Tomorrow and Sunday closes the season. Always humble and always sad. I’ll miss these kids. Until fall.

Sweet Child

September 16, 2015

It was an ordinary, late-August day in 1988.

The sky was clear and blue.

It was summer vacation waning, the dog days ending. The air was cool and public pool crowds dwindled.

I was 9 years old, and I was melancholy at it all. Damn you, the passing of time and letting go of childhood wonder.

There was a distinct stillness in the air. A blend of anticipation, boredom, and dread known only to boys just before school days renew oppression on the wandering and free spirits of youth.

I’ll never forget this day.

It was when I first heard “Sweet Child O’ Mine,” on the radio. It lit something in me that never went away.

It’s amazing how a single song can hold such meaning and mystery, and last a lifetime of feelings.

It promised me a time and place I wanted more than anything on this Earth. But somehow, even then, I knew it would never be.

But that didn’t stop me.

I started school two weeks later with this song deep in my head and woven every-which-way through the evolving tapestry of my juvenile emotions.

I just couldn’t shake it.

I learned and hung on every word. Every note. I wanted to be that song. I wanted to jump right into it. And I wanted to know all the deep and grown-up things about this rebel band made of thorns and pistols and shouts and hair – especially the raspy man behind these words.

MTV was a luxury I didn’t have. Few did where I’m from.

But I saw Axel Rose sing the sweet song on a friend’s TV during winter holiday break that year.

He was a courageous front man. He was careless or causal, I couldn’t tell.

But legend, to be sure.

He said this with a shrug of his sleeveless shoulders, as he grabbed the mic with both hands. He had tattoos and a wide bandana concealed his long hair.

He sang and swayed with swagger.

And yet under it all, he was ordinary, pale, unfit, but cool. I related to him on all points but the last.
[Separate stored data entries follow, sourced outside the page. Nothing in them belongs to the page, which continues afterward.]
(* Let $0<p\le\infty$ and $E=\mathcal{L}^p(I)$. If each scale function $\alpha_n$, $n=1,\dots,N$, is non-null almost everywhere, then the linear operator $\mathcal{P}_0^1:E\to E$, $\mathcal{P}_0^1(b):=0*_Tb$, is injective.
   Context: Let $N\ge 2$, $I=[x_0,x_N]$, $\Delta: x_0<\dots<x_N$ a partition, $L_n(x)=a_nx+b_n$ affine with $L_n(x_0)=x_{n-1}$, $L_n(x_N)=x_n$, $I_1=[x_0,x_1]$, $I_n=(x_{n-1},x_n]$ for $n\ge2$, and $\alpha=(\alpha_1,\dots,\alpha_N)\in(\mathcal{L}^\infty(I))^N$ with $\Lambda:=\operatorname{ess\,sup}\{|\alpha_n(x)|:x\in I,n=1,\dots,N\}<1$. For $f,b\in E$, the fractal convolution $f*_Tb$ is the unique fixed point in $E$ of the contraction $Tg(x):=f(x)+\alpha_n(L_n^{-1}(x))(g-b)(L_n^{-1}(x))$, $x\in I_n$; $0$ denotes the null function. *)

theory Defs
  imports "HOL-Analysis.Analysis"
begin

definition piece :: "(nat \<Rightarrow> real) \<Rightarrow> nat \<Rightarrow> real set" where
  "piece x n = (if n = 1 then {x 0 .. x 1} else {x (n - 1) <.. x n})"

text \<open>Membership in L^p(I) for 0 < p \<le> \<infinity> (w.r.t. Lebesgue measure on I);
  elements of L^p are identified up to a.e. equality (handled via AE in the statement).\<close>

definition in_Lp :: "ennreal \<Rightarrow> real set \<Rightarrow> (real \<Rightarrow> real) \<Rightarrow> bool" where
  "in_Lp p I f \<longleftrightarrow> f \<in> borel_measurable (lebesgue_on I) \<and>
     (if p = \<infinity> then (\<exists>C. AE t in lebesgue_on I. \<bar>f t\<bar> \<le> C)
      else (\<integral>\<^sup>+ t. ennreal (\<bar>f t\<bar> powr enn2real p) \<partial>(lebesgue_on I)) < \<infinity>)"

text \<open>h is (a representative of) the fractal convolution f *_T b, i.e. the fixed point
  of T in L^p(I): h \<in> L^p(I) and h = T h almost everywhere on I, where on I_n
  (T g)(y) = f(y) + \<alpha>_n(L_n^{-1} y) (g - b)(L_n^{-1} y), L_n(t) = a_n t + c_n.\<close>

definition is_fractal_conv ::
  "ennreal \<Rightarrow> nat \<Rightarrow> (nat \<Rightarrow> real) \<Rightarrow> (nat \<Rightarrow> real) \<Rightarrow> (nat \<Rightarrow> real) \<Rightarrow>
   (nat \<Rightarrow> real \<Rightarrow> real) \<Rightarrow> (real \<Rightarrow> real) \<Rightarrow> (real \<Rightarrow> real) \<Rightarrow> (real \<Rightarrow> real) \<Rightarrow> bool" where
  "is_fractal_conv p N x a c \<alpha> f b h \<longleftrightarrow>
     in_Lp p {x 0 .. x N} h \<and>
     (\<forall>n \<in> {1..N}. AE y in lebesgue. y \<in> piece x n \<longrightarrow>
        h y = f y + \<alpha> n ((y - c n) / a n) * (h ((y - c n) / a n) - b ((y - c n) / a n)))"

end

theory Submission
  imports Defs
begin

text \<open>Since \<open>L\<^sub>1\<close> maps \<open>I\<close> onto \<open>I\<^sub>1\<close>, the fixed point
  equation of \<open>0 *\<^sub>T b\<close> on \<open>I\<^sub>1\<close>, pulled back along \<open>L\<^sub>1\<close>, reads
  \<open>h (L\<^sub>1 u) = \<alpha>\<^sub>1 u (h u - b u)\<close> for almost every \<open>u \<in> I\<close>. As \<open>\<alpha>\<^sub>1 \<noteq> 0\<close> a.e., this
  recovers \<open>b = h - (h \<circ> L\<^sub>1) / \<alpha>\<^sub>1\<close> a.e. from \<open>h\<close>, so equal convolutions have equal bases.\<close>

lemma AE_lebesgue_affine:
  fixes P :: "real \<Rightarrow> bool"
  assumes "c \<noteq> 0" and "AE y in lebesgue. P y"
  shows "AE u in lebesgue. P (t + c * u)"
proof -
  have "AE y in density (distr lebesgue lebesgue (\<lambda>u. t + c * u)) (\<lambda>_. ennreal \<bar>c\<bar>). P y"
    using assms(2) by (subst (asm) lebesgue_real_affine[OF assms(1), of t])
  then have "AE y in distr lebesgue lebesgue (\<lambda>u. t + c * u). P y"
    using assms(1) by (simp add: AE_density)
  then show ?thesis
    by (rule AE_distrD[rotated]) (use lebesgue_affine_measurable[where c="\<lambda>_. c" and t=t] assms(1) in simp)
qed

lemma first_map_pos:
  fixes x :: "nat \<Rightarrow> real"
  assumes "x 0 < x 1" "x 1 \<le> x N" "a * x 0 + c = x 0" "a * x N + c = x 1"
  shows "0 < a"
proof -
  have "a * (x N - x 0) = x 1 - x 0"
    using assms(3,4) by (simp add: algebra_simps)
  with assms(1,2) show ?thesis
    by (metis diff_gt_0_iff_gt order_less_le_trans zero_less_mult_pos2)
qed

lemma first_map_into_first_piece:
  fixes x :: "nat \<Rightarrow> real"
  assumes "x 0 < x 1" "x 1 \<le> x N" "a * x 0 + c = x 0" "a * x N + c = x 1"
    and "u \<in> {x 0 .. x N}"
  shows "c + a * u \<in> piece x 1"
proof -
  have "0 < a" using assms(1-4) by (rule first_map_pos)
  with assms(5) have "a * x 0 \<le> a * u" "a * u \<le> a * x N"
    by (auto intro: mult_left_mono)
  with assms(3,4) show ?thesis
    unfolding piece_def by simp
qed

lemma fractal_conv_zero_pullback_first_piece:
  assumes "is_fractal_conv p N x a c \<alpha> (\<lambda>_. 0) b h" and "1 \<le> N" and "a 1 \<noteq> 0"
  shows "AE u in lebesgue. c 1 + a 1 * u \<in> piece x 1 \<longrightarrow>
           h (c 1 + a 1 * u) = \<alpha> 1 u * (h u - b u)"
proof -
  have "AE y in lebesgue. y \<in> piece x 1 \<longrightarrow>
          h y = 0 + \<alpha> 1 ((y - c 1) / a 1) * (h ((y - c 1) / a 1) - b ((y - c 1) / a 1))"
    using assms(1,2) unfolding is_fractal_conv_def by auto
  from AE_lebesgue_affine[OF assms(3) this, of "c 1"] show ?thesis
    using assms(3) by simp
qed

theorem proposition6p1:
  fixes p :: ennreal and N :: nat and x a c :: "nat \<Rightarrow> real"
    and \<alpha> :: "nat \<Rightarrow> real \<Rightarrow> real"
  assumes p_pos: "0 < p"
    and N: "N \<ge> 2"
    and x_mono: "\<And>i j. i < j \<Longrightarrow> j \<le> N \<Longrightarrow> x i < x j"
    and L_left: "\<And>n. n \<in> {1..N} \<Longrightarrow> a n * x 0 + c n = x (n - 1)"
    and L_right: "\<And>n. n \<in> {1..N} \<Longrightarrow> a n * x N + c n = x n"
    and \<alpha>_meas: "\<And>n. n \<in> {1..N} \<Longrightarrow> \<alpha> n \<in> borel_measurable (lebesgue_on {x 0 .. x N})"
    and \<Lambda>: "\<exists>\<Lambda> < 1. \<forall>n \<in> {1..N}. AE t in lebesgue_on {x 0 .. x N}. \<bar>\<alpha> n t\<bar> \<le> \<Lambda>"
    and \<alpha>_nonnull: "\<And>n. n \<in> {1..N} \<Longrightarrow> AE t in lebesgue_on {x 0 .. x N}. \<alpha> n t \<noteq> 0"
    and b1: "in_Lp p {x 0 .. x N} b1" and b2: "in_Lp p {x 0 .. x N} b2"
    and h1: "is_fractal_conv p N x a c \<alpha> (\<lambda>_. 0) b1 h1"
    and h2: "is_fractal_conv p N x a c \<alpha> (\<lambda>_. 0) b2 h2"
    and eq: "AE t in lebesgue_on {x 0 .. x N}. h1 t = h2 t"
  shows "AE t in lebesgue_on {x 0 .. x N}. b1 t = b2 t"
proof -
  let ?I = "{x 0 .. x N}" and ?L = "\<lambda>u. c 1 + a 1 * u"
  have N1: "1 \<in> {1..N}" using N by simp
  have x01: "x 0 < x 1" and x1N: "x 1 \<le> x N"
    using x_mono[of 0 1] x_mono[of 1 N] N by (auto simp: le_less)
  have L1: "a 1 * x 0 + c 1 = x 0" "a 1 * x N + c 1 = x 1"
    using L_left[OF N1] L_right[OF N1] by simp_all
  have a1: "a 1 \<noteq> 0" using first_map_pos[OF x01 x1N L1] by simp
  have eq': "AE y in lebesgue. y \<in> ?I \<longrightarrow> h1 y = h2 y"
    using eq by (simp add: AE_restrict_space_iff)
  have \<alpha>1: "AE u in lebesgue. u \<in> ?I \<longrightarrow> \<alpha> 1 u \<noteq> 0"
    using \<alpha>_nonnull[OF N1] by (simp add: AE_restrict_space_iff)
  have "1 \<le> N" using N by simp
  note pullback = fractal_conv_zero_pullback_first_piece[OF h1 this a1] fractal_conv_zero_pullback_first_piece[OF h2 this a1]
  have "AE u in lebesgue. u \<in> ?I \<longrightarrow> b1 u = b2 u"
    using pullback AE_lebesgue_affine[OF a1 eq', of "c 1"] eq' \<alpha>1
  proof eventually_elim
    case (elim u)
    show ?case
    proof
      assume u: "u \<in> ?I"
      then have "?L u \<in> piece x 1" "?L u \<in> ?I"
        using first_map_into_first_piece[OF x01 x1N L1 u] x1N unfolding piece_def by auto
      with elim u show "b1 u = b2 u" by auto
    qed
  qed
  then show ?thesis by (simp add: AE_restrict_space_iff)
qed

end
He was normal, but completely covered up with cool. And it all came together on stage.

But best of all – he was dangerous. I knew that much – and nine-year-old boys love danger.

I know this because I have two boys of my own now.

Unreal. This memory is 27 years ago. A quarter century and change.

I have two sweet children of my own and a beautiful sweetheart girl whose hair reminds me of a warm safe place. I have no tattoos. My hair is short and thinning. I’m normal, pale, rocking the dad bod – and am very, very uncool by GNR standards.

But even still, when I hear that sweet goddam riff and then those howling vocals, it reminds me of childhood memories, where everything was as fresh as the bright blue sky.

American Dream

September 16, 2015

Photos tell a story, I know. But there are times when you just want to be in the photos, not taking them. Today was undeniably one of those days and I have nothing to show for it and am glad.

The boys and I spent the day in Boston while Kumi had her hair done.

Before her appointment, we all rode into town on Bob Dylan, parked under Park Street, and the four of us ate dim sum upstairs at a local Shanghai hole in the wall.

After walking our sweet Kumi to the salon, we three men spent most of the sky-blue afternoon between Boston Common and Chinatown, both buzzing in anticipation of the Boston Marathon tomorrow.

At Hugh’s request, we rode the swan boats in the public pond and he thanked me and hugged me every ten minutes for the rest of the day because of it.

Philo asked for nothing in particular but just smiled and shrugged along, full of questions about urban settings and making periodic failed attempts at whistling.

The street musicians were on point in a way I’ve never heard and were as varied as the surfaces of nine planets. The air was cool, but the hot Starbucks coffee was bitterly delicious as usual, and the street-side Bostonian baked treats were warm and divine.

We spent an unusually extended time in a bamboo-clad Chinese martial arts shop, all three of us held captive by the red everything, the swords, the kung fu library books, and the fat Buddhas and dragon statues.

What great kids, what a great town this is – and what a cute haircut.

Photographs or not, I’m a lucky man to live inside the frame of this picture-perfect life, that today hung proudly on the wall of America’s ‪#‎bostonstrong‬ city.